[[ Records for the task open ]]

(* Let $N\in\mathbb{N}\setminus\{1\}$. (i) For $k\in\mathbb{Z}_+$ and $s\in\mathbb{R}$, $$\gamma_N^{s,k}=k!\sum_{l=0}^{\lfloor k/2\rfloor}\frac{(k-2l)!}{(2l)!}\Bigl(\sum_{n=\lceil k/2\rceil}^{k-l}2^{2n-k}\binom{s/2}{n}\binom{n}{k-n}\binom{k-n}{l}\Bigr)^2\gamma_{N-1}^{2l,2l}.$$ In particular, for $m\in\mathbb{Z}_+$, $$\gamma_N^{2m,2m}=(2m)!\sum_{l=0}^m\frac{(2(m-l))!}{(2l)!}\binom{m}{l}^2\gamma_{N-1}^{2l,2l}.$$ (ii) For $k\in\mathbb{N}$, $$\ell_N^k=k!\sum_{l=0}^{\lfloor k/2\rfloor}\frac{(k-2l)!}{(2l)!}\Bigl(\sum_{n=\lceil k/2\rceil}^{k-l}2^{2n-k}\frac{(-1)^n}{2n}\binom{n}{k-n}\binom{k-n}{l}\Bigr)^2\gamma_{N-1}^{2l,2l}.$$
   Context: For $M\in\mathbb{N}$: $|x|_M$ is the Euclidean norm on $\mathbb{R}^M$, $I_M=\{1,\ldots,M\}$, $D_i=\partial_{x_{i_1}}\cdots\partial_{x_{i_k}}$ for $i\in I_M^k$, $|\nabla_M^k u(x)|_{M^k}=\bigl(\sum_{i\in I_M^k}(D_iu(x))^2\bigr)^{1/2}$ (for $k=0$ this is $|u(x)|$). For $k\in\mathbb{Z}_+$, $s\in\mathbb{R}$, $\gamma_M^{s,k}$ denotes the constant value of $(|x|_M^{k-s}|\nabla_M^k[|x|_M^s]|_{M^k})^2$ on $\mathbb{R}^M\setminus\{0\}$ (it is known to be constant), and for $k\in\mathbb{N}$, $\ell_M^k$ denotes the constant value of $(|x|_M^{k}|\nabla_M^k[\log|x|_M]|_{M^k})^2$ on $\mathbb{R}^M\setminus\{0\}$. $\binom{\nu}{k}=(\nu)_k/k!$ with $(\nu)_k=\prod_{j=0}^{k-1}(\nu-j)$, $(\nu)_0=1$. *)

theory Defs
  imports "HOL-Analysis.Analysis"
begin

text \<open>Points of R^M are represented as functions nat => real; only the coordinates
  0..M-1 are used (index i here corresponds to index i+1 in the paper).\<close>

definition enorm :: "nat \<Rightarrow> (nat \<Rightarrow> real) \<Rightarrow> real" where
  "enorm M x = sqrt (\<Sum>i<M. (x i)\<^sup>2)"

definition pdiff :: "nat \<Rightarrow> ((nat \<Rightarrow> real) \<Rightarrow> real) \<Rightarrow> (nat \<Rightarrow> real) \<Rightarrow> real" where
  "pdiff i u = (\<lambda>x. deriv (\<lambda>t. u (x(i := x i + t))) 0)"

fun iter_pdiff :: "nat list \<Rightarrow> ((nat \<Rightarrow> real) \<Rightarrow> real) \<Rightarrow> (nat \<Rightarrow> real) \<Rightarrow> real" where
  "iter_pdiff [] u = u"
| "iter_pdiff (i # is) u = pdiff i (iter_pdiff is u)"

definition multi_idx :: "nat \<Rightarrow> nat \<Rightarrow> nat list set" where
  "multi_idx M k = {is. length is = k \<and> set is \<subseteq> {..<M}}"

definition grad_norm :: "nat \<Rightarrow> nat \<Rightarrow> ((nat \<Rightarrow> real) \<Rightarrow> real) \<Rightarrow> (nat \<Rightarrow> real) \<Rightarrow> real" where
  "grad_norm M k u x = sqrt (\<Sum>is\<in>multi_idx M k. (iter_pdiff is u x)\<^sup>2)"

definition e1 :: "nat \<Rightarrow> real" where
  "e1 = (\<lambda>i. if i = 0 then 1 else 0)"

text \<open>gamma_M^{s,k}: the (known to be constant) value of
  (|x|^{k-s} |nabla^k |x|^s|)^2 on R^M \ {0}, evaluated at x = e1.\<close>
definition gamma :: "nat \<Rightarrow> real \<Rightarrow> nat \<Rightarrow> real" where
  "gamma M s k = (enorm M e1 powr (real k - s) * grad_norm M k (\<lambda>x. enorm M x powr s) e1)\<^sup>2"

text \<open>ell_M^k: the constant value of (|x|^k |nabla^k log|x||)^2, evaluated at e1.\<close>
definition ell :: "nat \<Rightarrow> nat \<Rightarrow> real" where
  "ell M k = (enorm M e1 ^ k * grad_norm M k (\<lambda>x. ln (enorm M x)) e1)\<^sup>2"

end

(*
  Split x = (x_0, x') with x' = (x_1, ..., x_{N-1}) and write a radial function as
  u(x) = G(x_0^2 + |x'|^2).  By induction on the multi-index, every derivative D_i u is a sum of
  terms w * x'^U * (d/da)^p G^(c)(a^2 + r) evaluated at a = x_0, r = |x'|^2: differentiating in
  x_0 only raises p, differentiating in x_j (j >= 1) either hits |x'|^2 or a factor of x'^U.  At
  the basis vector e_1 every term with a nonconstant monomial vanishes, so D_i u(e_1) factors
  into a weight depending only on the entries v of i different from 0, times the axial profile
  (d/da)^p G^(|v|/2)(a^2) at a = 1, where p is the number of zero entries; the weight vanishes
  for odd |v|.  Applied to |x'|^(2l) = r^l the same computation shows that the squared weights
  over |v| = 2l sum to gamma_{N-1}^{2l,2l} / (l!)^2.  Counting multi-indices by their number of
  zero entries and expanding the axial profile in closed form gives the recursion, with
  G(t) = t^(s/2) for gamma and G(t) = ln t / 2 for ell.
*)
theory Submission
  imports Defs
begin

[[ Records for the task closed ]]

- _What the task asks_
Nothing in the records may change. Print all of them.

- _Task response_
(* Let $N\in\mathbb{N}\setminus\{1\}$. (i) For $k\in\mathbb{Z}_+$ and $s\in\mathbb{R}$, $$\gamma_N^{s,k}=k!\sum_{l=0}^{\lfloor k/2\rfloor}\frac{(k-2l)!}{(2l)!}\Bigl(\sum_{n=\lceil k/2\rceil}^{k-l}2^{2n-k}\binom{s/2}{n}\binom{n}{k-n}\binom{k-n}{l}\Bigr)^2\gamma_{N-1}^{2l,2l}.$$ In particular, for $m\in\mathbb{Z}_+$, $$\gamma_N^{2m,2m}=(2m)!\sum_{l=0}^m\frac{(2(m-l))!}{(2l)!}\binom{m}{l}^2\gamma_{N-1}^{2l,2l}.$$ (ii) For $k\in\mathbb{N}$, $$\ell_N^k=k!\sum_{l=0}^{\lfloor k/2\rfloor}\frac{(k-2l)!}{(2l)!}\Bigl(\sum_{n=\lceil k/2\rceil}^{k-l}2^{2n-k}\frac{(-1)^n}{2n}\binom{n}{k-n}\binom{k-n}{l}\Bigr)^2\gamma_{N-1}^{2l,2l}.$$
   Context: For $M\in\mathbb{N}$: $|x|_M$ is the Euclidean norm on $\mathbb{R}^M$, $I_M=\{1,\ldots,M\}$, $D_i=\partial_{x_{i_1}}\cdots\partial_{x_{i_k}}$ for $i\in I_M^k$, $|\nabla_M^k u(x)|_{M^k}=\bigl(\sum_{i\in I_M^k}(D_iu(x))^2\bigr)^{1/2}$ (for $k=0$ this is $|u(x)|$). For $k\in\mathbb{Z}_+$, $s\in\mathbb{R}$, $\gamma_M^{s,k}$ denotes the constant value of $(|x|_M^{k-s}|\nabla_M^k[|x|_M^s]|_{M^k})^2$ on $\mathbb{R}^M\setminus\{0\}$ (it is known to be constant), and for $k\in\mathbb{N}$, $\ell_M^k$ denotes the constant value of $(|x|_M^{k}|\nabla_M^k[\log|x|_M]|_{M^k})^2$ on $\mathbb{R}^M\setminus\{0\}$. $\binom{\nu}{k}=(\nu)_k/k!$ with $(\nu)_k=\prod_{j=0}^{k-1}(\nu-j)$, $(\nu)_0=1$. *)

theory Defs
  imports "HOL-Analysis.Analysis"
begin

text \<open>Points of R^M are represented as functions nat => real; only the coordinates
  0..M-1 are used (index i here corresponds to index i+1 in the paper).\<close>

definition enorm :: "nat \<Rightarrow> (nat \<Rightarrow> real) \<Rightarrow> real" where
  "enorm M x = sqrt (\<Sum>i<M. (x i)\<^sup>2)"

definition pdiff :: "nat \<Rightarrow> ((nat \<Rightarrow> real) \<Rightarrow> real) \<Rightarrow> (nat \<Rightarrow> real) \<Rightarrow> real" where
  "pdiff i u = (\<lambda>x. deriv (\<lambda>t. u (x(i := x i + t))) 0)"

fun iter_pdiff :: "nat list \<Rightarrow> ((nat \<Rightarrow> real) \<Rightarrow> real) \<Rightarrow> (nat \<Rightarrow> real) \<Rightarrow> real" where
  "iter_pdiff [] u = u"
| "iter_pdiff (i # is) u = pdiff i (iter_pdiff is u)"

definition multi_idx :: "nat \<Rightarrow> nat \<Rightarrow> nat list set" where
  "multi_idx M k = {is. length is = k \<and> set is \<subseteq> {..<M}}"

definition grad_norm :: "nat \<Rightarrow> nat \<Rightarrow> ((nat \<Rightarrow> real) \<Rightarrow> real) \<Rightarrow> (nat \<Rightarrow> real) \<Rightarrow> real" where
  "grad_norm M k u x = sqrt (\<Sum>is\<in>multi_idx M k. (iter_pdiff is u x)\<^sup>2)"

definition e1 :: "nat \<Rightarrow> real" where
  "e1 = (\<lambda>i. if i = 0 then 1 else 0)"

text \<open>gamma_M^{s,k}: the (known to be constant) value of
  (|x|^{k-s} |nabla^k |x|^s|)^2 on R^M \ {0}, evaluated at x = e1.\<close>
definition gamma :: "nat \<Rightarrow> real \<Rightarrow> nat \<Rightarrow> real" where
  "gamma M s k = (enorm M e1 powr (real k - s) * grad_norm M k (\<lambda>x. enorm M x powr s) e1)\<^sup>2"

text \<open>ell_M^k: the constant value of (|x|^k |nabla^k log|x||)^2, evaluated at e1.\<close>
definition ell :: "nat \<Rightarrow> nat \<Rightarrow> real" where
  "ell M k = (enorm M e1 ^ k * grad_norm M k (\<lambda>x. ln (enorm M x)) e1)\<^sup>2"

end

(*
  Split x = (x_0, x') with x' = (x_1, ..., x_{N-1}) and write a radial function as
  u(x) = G(x_0^2 + |x'|^2).  By induction on the multi-index, every derivative D_i u is a sum of
  terms w * x'^U * (d/da)^p G^(c)(a^2 + r) evaluated at a = x_0, r = |x'|^2: differentiating in
  x_0 only raises p, differentiating in x_j (j >= 1) either hits |x'|^2 or a factor of x'^U.  At
  the basis vector e_1 every term with a nonconstant monomial vanishes, so D_i u(e_1) factors
  into a weight depending only on the entries v of i different from 0, times the axial profile
  (d/da)^p G^(|v|/2)(a^2) at a = 1, where p is the number of zero entries; the weight vanishes
  for odd |v|.  Applied to |x'|^(2l) = r^l the same computation shows that the squared weights
  over |v| = 2l sum to gamma_{N-1}^{2l,2l} / (l!)^2.  Counting multi-indices by their number of
  zero entries and expanding the axial profile in closed form gives the recursion, with
  G(t) = t^(s/2) for gamma and G(t) = ln t / 2 for ell.
*)
theory Submission
  imports Defs
begin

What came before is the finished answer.